O que é inflação?
Presente no dia a dia das pessoas, a inflação é um fenômeno econômico que requer ser controlado e, preferencialmente, restringido. A mídia sempre destaca a sua preocupação para que não cresça significativamente. Mas o que vem a ser inflação? Basicamente, seu conceito é quando há uma alta generalizada e contínua dos preços de bens e serviços de uma determinada economia.
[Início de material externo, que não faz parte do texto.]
lemma matching_future_iso:
  assumes S: "cut_matching X1 X2 S"
  shows "future_iso C E G h X1 X2 (matching_iso X1 X2 S)"
proof -
  let ?I = "matching_iso X1 X2 S"
  have S': "cut_matching X2 X1 (S\<inverse>)" using cut_matching_converse[OF S] .
  have I: "matched X1 X2 S x (?I x)" if "x \<in> future C E G X1" for x using matched_iso[OF S that] .
  have "inj_on ?I (future C E G X1)" using I matched_injective[OF S] by (metis inj_onI)
  moreover have "?I ` future C E G X1 = future C E G X2"
  proof
    show "?I ` future C E G X1 \<subseteq> future C E G X2" using I matched_props[OF S] by blast
    show "future C E G X2 \<subseteq> ?I ` future C E G X1"
    proof
      fix y assume "y \<in> future C E G X2"
      then obtain x where "matched X2 X1 (S\<inverse>) y x" using matched_total[OF S'] by blast
      then have "matched X1 X2 S x y" using matched_converse[OF S'] by simp
      then show "y \<in> ?I ` future C E G X1"
        using matched_props[OF S] matching_iso_eq[OF S] by (metis imageI)
    qed
  qed
  moreover have "(x, y) \<in> G \<longleftrightarrow> (?I x, ?I y) \<in> G"
    if "x \<in> future C E G X1" "y \<in> future C E G X1" for x y
    using matched_arc[OF S I I] matched_arc[OF S' matched_converse[OF S I] matched_converse[OF S I]]
      that by auto
  moreover have "(x \<in> E \<longleftrightarrow> ?I x \<in> E) \<and> h (?I x) = h x" if "x \<in> future C E G X1" for x
    using matched_props[OF S I[OF that]] by simp
  ultimately show ?thesis unfolding future_iso_def bij_betw_def by blast
qed

end

section \<open>The procedure CheckByCuts\<close>

context branching_proc
begin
Ou seja, uma elevação pontual nos preços de um setor pouco representativo no orçamento da maioria dos indivíduos (ex.: joias) ou das empresas (ex.: produtos de limpeza) não significa, necessariamente, que uma economia esteja enfrentando algum processo inflacionário.
Quais são os males da inflação para os consumidores?
A inflação, quando descontrolada, pode ser prejudicial para as famílias, pois como a sua restrição orçamentária geralmente é constante, limitada a sua renda, reduz a sua capacidade de compra de bens e serviços, piorando a sua satisfação e bem-estar. Exige que tenham que cortar ou diminuir a quantidade de itens para que o seu conjunto de despesas caiba em seus orçamentos. Ainda, a inflação pode impactar na diferença entre preços relativos, quando o preço de um determinado produto aumenta mais que de outro, restringindo a capacidade do consumidor de julgar se o seu preço está mais elevado do que a média.
O que prejudica as empresas?
Com as empresa acontece algo semelhante. A inflação, em geral, provoca uma elevação nos custos administrativos (material de escritório, informática, etc.) e/ou custos de produção (insumos, máquinas e equipamentos etc.) das empresas. Porém, pode também repercutir no aumento da receita, quando o bem ou serviço oferecido pela empresa também registra uma variação positiva no seu preço (ex.: aumento do preço do petróleo para a Petrobras). Mas a inflação, quando em níveis muito elevados, dificulta a previsibilidade de empresários nos seus investimentos na capacidade instalada. Isso distorce as projeções econômico-financeiras, uma vez que afeta as estimativas de tempo de retorno e a rentabilidade esperada de um investimento.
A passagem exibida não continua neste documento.